Our bumper hitch trailer never fishtailed but we have an adjustable hitch with swaybars.
You need to drive your trailer level and use swaybars if it's a bumper hitch and you won't have this problem. You also need air brakes that have a manual in the cab.
BTW, DH and I learned ALL of our trailer knowledge the hard way, including being stranded twice with truck and with trailer problems, and driving home, in the dark, in a midnight blue trailer sans lights.


----------



## Mercat

Corporal said:


> I have never heard of a BRAND of trailer that fishtails.


That's what I get for scanning the Internet 



Corporal said:


> DH and I have owned/pulled 2 trailers, one bumper hitch and one gooseneck, and several smaller, non-horse trailers.
> Small trailers for towing articles like a riding mower will sometimes fishtail if not level.
> Our bumper hitch trailer never fishtailed but we have an adjustable hitch with swaybars.
> You need to drive your trailer level and use swaybars if it's a bumper hitch and you won't have this problem. You also need air brakes that have a manual in the cab.
> BTW, DH and I learned ALL of our trailer knowledge the hard way, including being stranded twice with truck and with trailer problems, and driving home, in the dark, in a midnight blue trailer sans lights.


All good advice - thanks!


----------



## ~*~anebel~*~

Personally, I would not purchase a Benderup. I was looking for a trailer and was considering a Benderup, I had a mechanic friend look under the Benderup and he did not like the look of all the welds and everything under the trailer - thought it looked weak. He said he would not trailer long distances, hills or highways in that trailer.
As well if something happens, it's going to be easy for a leg to go through the side of the trailer...

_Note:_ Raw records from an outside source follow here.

lemma close_pair_if_card_less:
  assumes "finite D" "D \<noteq> {}" "finite A" "card D < card A" "g ` A \<subseteq> X"
  obtains i j where "i \<in> A" "j \<in> A" "i \<noteq> j" "N (g i - g j) \<le> 2 * fill_dist N X D"
proof -
  define nearest where "nearest y = (SOME p. p \<in> D \<and> N (y - p) = dist_to_design N D y)" for y
  have "\<exists>p. p \<in> D \<and> N (y - p) = dist_to_design N D y" for y
  proof -
    have "dist_to_design N D y \<in> (\<lambda>p. N (y - p)) ` D"
      using assms(1,2) by (intro Min_in) auto
    then show ?thesis
      by auto
  qed
  then have nearest: "nearest y \<in> D" "N (y - nearest y) = dist_to_design N D y" for y
    unfolding nearest_def by (metis (mono_tags, lifting) someI_ex)+
  have "card ((nearest \<circ> g) ` A) \<le> card D"
    using nearest(1) assms(1) by (intro card_mono) auto
  then have "\<not> inj_on (nearest \<circ> g) A"
    using assms(4) card_image by fastforce
  then obtain i j where ij: "i \<in> A" "j \<in> A" "i \<noteq> j" "nearest (g i) = nearest (g j)"
    unfolding inj_on_def by auto
  have "N (g i - g j) \<le> N (g i - nearest (g i)) + N (nearest (g i) - g j)"
    by (rule N_triangle_diff)
  also have "\<dots> = N (g i - nearest (g i)) + N (g j - nearest (g j))"
    using ij(4) N_minus_commute[of "nearest (g j)" "g j"] by simp
  also have "\<dots> \<le> 2 * fill_dist N X D"
    using dist_to_design_le_fill_dist[OF assms(1,2), of "g i"]
      dist_to_design_le_fill_dist[OF assms(1,2), of "g j"] nearest(2) assms(5) ij(1,2)
    by (simp add: image_subset_iff)
  finally show ?thesis
    using that ij by blast
qed

end

lemma finite_pair_distances:
  "finite D \<Longrightarrow> finite {N (p - q) |p q. p \<in> D \<and> q \<in> D \<and> p \<noteq> q}"
  by (rule finite_subset[of _ "(\<lambda>(p, q). N (p - q)) ` (D \<times> D)"]) auto

lemma sep_rad_le:
  assumes "finite D" "p \<in> D" "q \<in> D" "p \<noteq> q"
  shows "sep_rad N D \<le> N (p - q) / 2"
  unfolding sep_rad_def using assms finite_pair_distances[OF assms(1)]
  by (intro divide_right_mono Min_le) auto

lemma sep_rad_ge:
  assumes "finite D" "p \<in> D" "q \<in> D" "p \<noteq> q"
    and "\<And>p q. p \<in> D \<Longrightarrow> q \<in> D \<Longrightarrow> p \<noteq> q \<Longrightarrow> r \<le> N (p - q)"
  shows "r / 2 \<le> sep_rad N D"
  unfolding sep_rad_def using assms finite_pair_distances[OF assms(1)]
  by (intro divide_right_mono Min.boundedI) auto

locale relaxed_greedy_packing = norm_design_space N X
  for N :: "'a::euclidean_space \<Rightarrow> real" and X +
  fixes x :: "nat \<Rightarrow> 'a" and \<alpha> :: "nat \<Rightarrow> real" and a :: real
  assumes a_pos: "0 < a"
    and a_le_alpha: "\<And>n. n \<ge> 1 \<Longrightarrow> a \<le> \<alpha> n"
    and x1: "x 1 \<in> X"
    and greedy: "\<And>n. n \<ge> 1 \<Longrightarrow> x (n + 1) \<in> X \<and>
        Min ((\<lambda>i. N (x (n + 1) - x i)) ` {1..n}) \<ge> \<alpha> n * fill_dist N X (x ` {1..n})"
begin
lemma (in prob_space) posterior_event_expectation:
  fixes x :: "'a \<Rightarrow> 'x" and theta :: "'a \<Rightarrow> nat" and post :: "'x \<Rightarrow> real"
  assumes x_meas: "x \<in> measurable M X"
    and post_meas: "post \<in> borel_measurable X"
    and post_nonneg: "\<And>y. y \<in> space X \<Longrightarrow> post y \<ge> 0"
    and A: "A \<in> sets X"
    and posterior: "emeasure M {\<omega> \<in> space M. theta \<omega> = i \<and> x \<omega> \<in> A}
                      = (\<integral>\<^sup>+ y \<in> A. ennreal (post y) \<partial>distr M X x)"
  shows "integrable M (\<lambda>\<omega>. indicator A (x \<omega>) * post (x \<omega>))"
    and "prob {\<omega> \<in> space M. theta \<omega> = i \<and> x \<omega> \<in> A}
           = expectation (\<lambda>\<omega>. indicator A (x \<omega>) * post (x \<omega>))"
proof -
  let ?g = "\<lambda>\<omega>. indicator A (x \<omega>) * post (x \<omega>)"
  have g_meas: "?g \<in> borel_measurable M"
    using measurable_compose[OF x_meas borel_measurable_indicator[OF A]]
      measurable_compose[OF x_meas post_meas] by (rule borel_measurable_times)
  have g_nonneg: "\<And>\<omega>. \<omega> \<in> space M \<Longrightarrow> ?g \<omega> \<ge> 0"
    using post_nonneg measurable_space[OF x_meas] by simp
  have "(\<integral>\<^sup>+ \<omega>. ennreal (?g \<omega>) \<partial>M) = (\<integral>\<^sup>+ y \<in> A. ennreal (post y) \<partial>distr M X x)"
    using post_meas A
    by (subst nn_integral_distr[OF x_meas]) (auto intro!: nn_integral_cong simp: indicator_def)
  also have "\<dots> = emeasure M {\<omega> \<in> space M. theta \<omega> = i \<and> x \<omega> \<in> A}"
    using posterior by simp
  finally have nn: "(\<integral>\<^sup>+ \<omega>. ennreal (?g \<omega>) \<partial>M) = emeasure M {\<omega> \<in> space M. theta \<omega> = i \<and> x \<omega> \<in> A}" .
  show "integrable M ?g"
    using g_meas g_nonneg nn by (intro integrableI_nonneg) (auto simp: less_top[symmetric])
  show "prob {\<omega> \<in> space M. theta \<omega> = i \<and> x \<omega> \<in> A} = expectation ?g"
    using g_meas g_nonneg nn by (subst integral_eq_nn_integral) (auto simp: measure_def)
qed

I would hold out for a sturdier trailer, personally.
_Posted via Mobile Device_


----------



## Mercat

Thanks. Will keep that in mind.


----------



## QOS

I own a 2009 Brenderup Royal TC. Brenderup's are the freaking bomb. There is no trailer that is 100% forever but I can say that this trailer has been wonderful to own and tow. 

I tow it with a 2007 RAV4 Limited with a towing package, V6 269 hp engine. My horse that I bought the trailer for was a 15.3 HH Quarter Horse. I now have a 15 hh and a 15.1 hh Quarter Horse and they have tons of room in the trailer. It hauls like a dream whether I am hauling with the Rav4 or my hubby is hauling with his 2007 Tundra. 

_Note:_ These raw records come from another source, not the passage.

(* Let $F$ be a once-punctured torus equipped with a point of the decorated super Teichmüller space $S\tilde T(F)$ with values in the Grassmann algebra $\mathbb{R}_{S[N]}$. For every $\delta>0$ there exists a constant $M=M_{\delta}\geq 1$ (depending on $\delta$ and the point) such that \[ \|s(a)\|\leq M\cdot|\epsilon(a)|^{1+\delta} \] for the super $\lambda$-length $a$ of every ideal arc of $F$.
   Context: $\mathbb{R}_{S[N]}$ is the real Grassmann algebra generated by anticommuting $\beta_{[1]},\dots,\beta_{[N]}$; each $x$ is $\sum_\lambda x_\lambda\beta_{[\lambda]}$ over increasing multi-indices, the body $\epsilon(x)$ is the coefficient of $1$, the soul is $s(x)=x-\epsilon(x)\cdot1$, and $\|x\|=\sum_\lambda|x_\lambda|$. $S\tilde T(F)$ is the decorated $\mathrm{OSp}(1|2)$ super Teichmüller space (Penner–Zeitlin): a point assigns to every ideal arc of $F$ an even super $\lambda$-length with positive body, to the triangles of each ideal triangulation odd $\mu$-invariants, together with a spin structure; $\lambda$-lengths of the arcs of a triangulation $a,b,c$ and of the arc $d$ obtained by flipping $c$ satisfy $cd=a^2+b^2+abW_c$, with $W_c$ the product of the $\mu$-invariants of the two triangles adjacent to $c$ (ordered counter-clockwise then clockwise relative to the spin orientation of $c$). *)

theory Defs
  imports Complex_Main
begin

text \<open>An element x = sum_lambda x_lambda beta_[lambda] is encoded by its coefficient function
  on multi-indices; a strictly increasing multi-index is encoded by the finite set of its
  entries (a subset of {1..N}).\<close>

type_synonym grass = "nat set \<Rightarrow> real"

definition in_grass :: "nat \<Rightarrow> grass \<Rightarrow> bool" where
  "in_grass N x \<longleftrightarrow> (\<forall>A. x A \<noteq> 0 \<longrightarrow> A \<subseteq> {1..N})"

text \<open>Sign of beta_[B] * beta_[C] = sign * beta_[B union C] for disjoint B, C:
  one transposition for every pair (i in B, j in C) with j < i.\<close>
definition gsign :: "nat set \<Rightarrow> nat set \<Rightarrow> real" where
  "gsign B C = (-1) ^ card {(i, j). i \<in> B \<and> j \<in> C \<and> j < i}"

definition gmul :: "nat \<Rightarrow> grass \<Rightarrow> grass \<Rightarrow> grass" where
  "gmul N x y = (\<lambda>A. if A \<subseteq> {1..N}
      then (\<Sum>B\<in>Pow A. gsign B (A - B) * x B * y (A - B)) else 0)"

definition gadd :: "grass \<Rightarrow> grass \<Rightarrow> grass" where
  "gadd x y = (\<lambda>A. x A + y A)"

definition gscale :: "real \<Rightarrow> grass \<Rightarrow> grass" where
  "gscale r x = (\<lambda>A. r * x A)"

definition body :: "grass \<Rightarrow> real" where
  "body x = x {}"

definition soul :: "grass \<Rightarrow> grass" where
  "soul x = x({} := 0)"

I recently had an issue with the ramp. It has a bad spot in it that is being repaired. I am not happy about it but any trailer is going to eventually need maintenance no matter who made it. As far as the floor - it is rock solid. All of the welds are good. It has been left outside as I do not have a cover for it. It is hauled almost on a weekly basis so it hasn't just sat in my yard. I also camp in it!! 

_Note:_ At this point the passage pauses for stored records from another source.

(* For every $r\in\mathbb{N}$ and every integer $n\ge 2$, there is an entrywise nonnegative $3rn\times 3rn$ real matrix $M$ with $\mathrm{rank}^+(M)\ge 4r$ such that for every set of fewer than $n$ rows of $M$, the submatrix of $M$ consisting of those rows has nonnegative rank at most $3r$.
   Context: For an entrywise nonnegative matrix $N$ of dimension $a\times b$, its nonnegative rank $\mathrm{rank}^+(N)$ is the smallest $k$ such that $N=AW$ with $A$ an entrywise nonnegative $a\times k$ matrix and $W$ an entrywise nonnegative $k\times b$ matrix. *)

theory Defs
  imports Main "HOL-Analysis.Analysis"
begin

text \<open>Matrices of varying dimension are represented as functions nat => nat => real;
  the rows are indexed by a finite set I of naturals, columns by {..<b}.
  A submatrix consisting of a set I of rows of M is M restricted to I.\<close>

definition nonneg_fact :: "(nat \<Rightarrow> nat \<Rightarrow> real) \<Rightarrow> nat set \<Rightarrow> nat \<Rightarrow> nat \<Rightarrow> bool" where
  "nonneg_fact M I b k \<longleftrightarrow>
     (\<exists>A W :: nat \<Rightarrow> nat \<Rightarrow> real.
        (\<forall>i\<in>I. \<forall>l<k. 0 \<le> A i l) \<and> (\<forall>l<k. \<forall>j<b. 0 \<le> W l j) \<and>
        (\<forall>i\<in>I. \<forall>j<b. M i j = (\<Sum>l<k. A i l * W l j)))"

definition nonneg_rank :: "(nat \<Rightarrow> nat \<Rightarrow> real) \<Rightarrow> nat set \<Rightarrow> nat \<Rightarrow> nat" where
  "nonneg_rank M I b = (LEAST k. nonneg_fact M I b k)"

end

theory Submission
  imports Defs
begin

text \<open>
  Let N = 3n and let S be the N \<times> N slack matrix of the regular N-gon with vertices
  u_j = (cos \<theta>_j, sin \<theta>_j), \<theta>_j = 2\<pi>j/N, in the concentric N-gon \<langle>u_k, x\<rangle> \<le> \<rho>,
  \<rho> = 2 cos (2\<pi>/N); that is, S_kj = \<rho> - cos (\<theta>_k - \<theta>_j). The matrix M is block diagonal
  with r copies of S.

  S has rank 3 but nonnegative rank at least 4. A nonnegative factorization S = A W through
  \<real>^3 agrees with S = F V on an equilateral triangle of indices, whose minors are invertible;
  hence A = F X and W = Y V with Y X = 1. Summing over the triangle shows that the third row of X and the third
  column of Y are nonnegative, and since they pair to 1 some coordinate l contributes at
  most 1/3. Column l of X is then a point of the outer polygon and row l of Y a functional
  that is nonnegative on the inner polygon, and approximating both by polygon directions
  up to a factor cos (\<pi>/N) contradicts the gap between the two polygons.

  Conversely \<rho> - cos (a - b) is the average of (\<rho> - 2 cos (a - \<phi>)) (1 + cos (b - \<phi>)) over the
  three rotations \<phi> = \<theta>_c + 2\<pi>m/3, and the first factor is nonnegative on all rows k with
  k \<noteq> c (mod n). Fewer than n rows miss some residue class c in every block, so they admit
  a nonnegative factorization of size 3 per block, whereas in the whole of M the supports of
  the factors used by different blocks are disjoint.
\<close>

section \<open>Nonnegative factorizations indexed by arbitrary sets\<close>

definition nonneg_fact_over :: "(nat \<Rightarrow> nat \<Rightarrow> real) \<Rightarrow> nat set \<Rightarrow> nat \<Rightarrow> 'l set \<Rightarrow> bool" where
  "nonneg_fact_over M I b L \<longleftrightarrow>
     (\<exists>A W. (\<forall>i\<in>I. \<forall>l\<in>L. 0 \<le> A i l) \<and> (\<forall>l\<in>L. \<forall>j<b. 0 \<le> W l j) \<and>
        (\<forall>i\<in>I. \<forall>j<b. M i j = (\<Sum>l\<in>L. A i l * W l j)))"

lemma nonneg_fact_iff_over: "nonneg_fact M I b k \<longleftrightarrow> nonneg_fact_over M I b {..<k}"
  unfolding nonneg_fact_def nonneg_fact_over_def by (simp add: Ball_def)

lemma nonneg_fact_over_inj:
  assumes h: "inj_on h L" "h ` L \<subseteq> L'" and "finite L'"
    and fact: "nonneg_fact_over M I b L"
  shows "nonneg_fact_over M I b L'"
proof -
  obtain A W where A: "\<forall>i\<in>I. \<forall>l\<in>L. 0 \<le> A i l" and W: "\<forall>l\<in>L. \<forall>j<b. 0 \<le> W l j"
    and M: "\<forall>i\<in>I. \<forall>j<b. M i j = (\<Sum>l\<in>L. A i l * W l j)"
    using fact unfolding nonneg_fact_over_def by blast
  define g where "g = inv_into L h"
  have g: "g (h l) = l" if "l \<in> L" for l
    unfolding g_def using h(1) that by simp
  define A' where "A' i l' = (if l' \<in> h ` L then A i (g l') else 0)" for i l'
  define W' where "W' l' j = (if l' \<in> h ` L then W (g l') j else 0)" for l' j
  have sums: "(\<Sum>l'\<in>L'. A' i l' * W' l' j) = (\<Sum>l\<in>L. A i l * W l j)" for i j
  proof -
    have "(\<Sum>l'\<in>L'. A' i l' * W' l' j) = (\<Sum>l'\<in>h ` L. A i (g l') * W (g l') j)"
      unfolding A'_def W'_def using h(2) \<open>finite L'\<close> by (intro sum.mono_neutral_cong_right) auto
    also have "\<dots> = (\<Sum>l\<in>L. A i l * W l j)"
      using h(1) g by (simp add: sum.reindex)
    finally show ?thesis .
  qed
  have "\<forall>i\<in>I. \<forall>l'\<in>L'. 0 \<le> A' i l'" "\<forall>l'\<in>L'. \<forall>j<b. 0 \<le> W' l' j"
    unfolding A'_def W'_def using A W g by auto
  then show ?thesis
    unfolding nonneg_fact_over_def using M sums by (intro exI[of _ A'] exI[of _ W']) simp
qed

If it is in good shape - snap it up. My Brenderup has made a believer out of people who thought they were "flimsy". One of my buddies was a lady from Germany. She had a Brenderup before moving to the States. That is pretty much what everyone in Europe hauls huge Warmbloods with - and hauls with little SUV's. 

If you go on my blog you will find a ton of pictures of my little Brenderup being hauled all over the place.


----------



## Mercat

Thank you. Guess that's my main concern - what trade-off is there, if any, in sturdiness to get the weight down? As with most things like this, opinions both ways. Looking for a preponderance of evidence, I guess!


----------



## danny67

Personally, not the trailer for me. I like a little more room. Your F-250 is able to pull much bigger better nicer (cheaper $$) USA built trailers .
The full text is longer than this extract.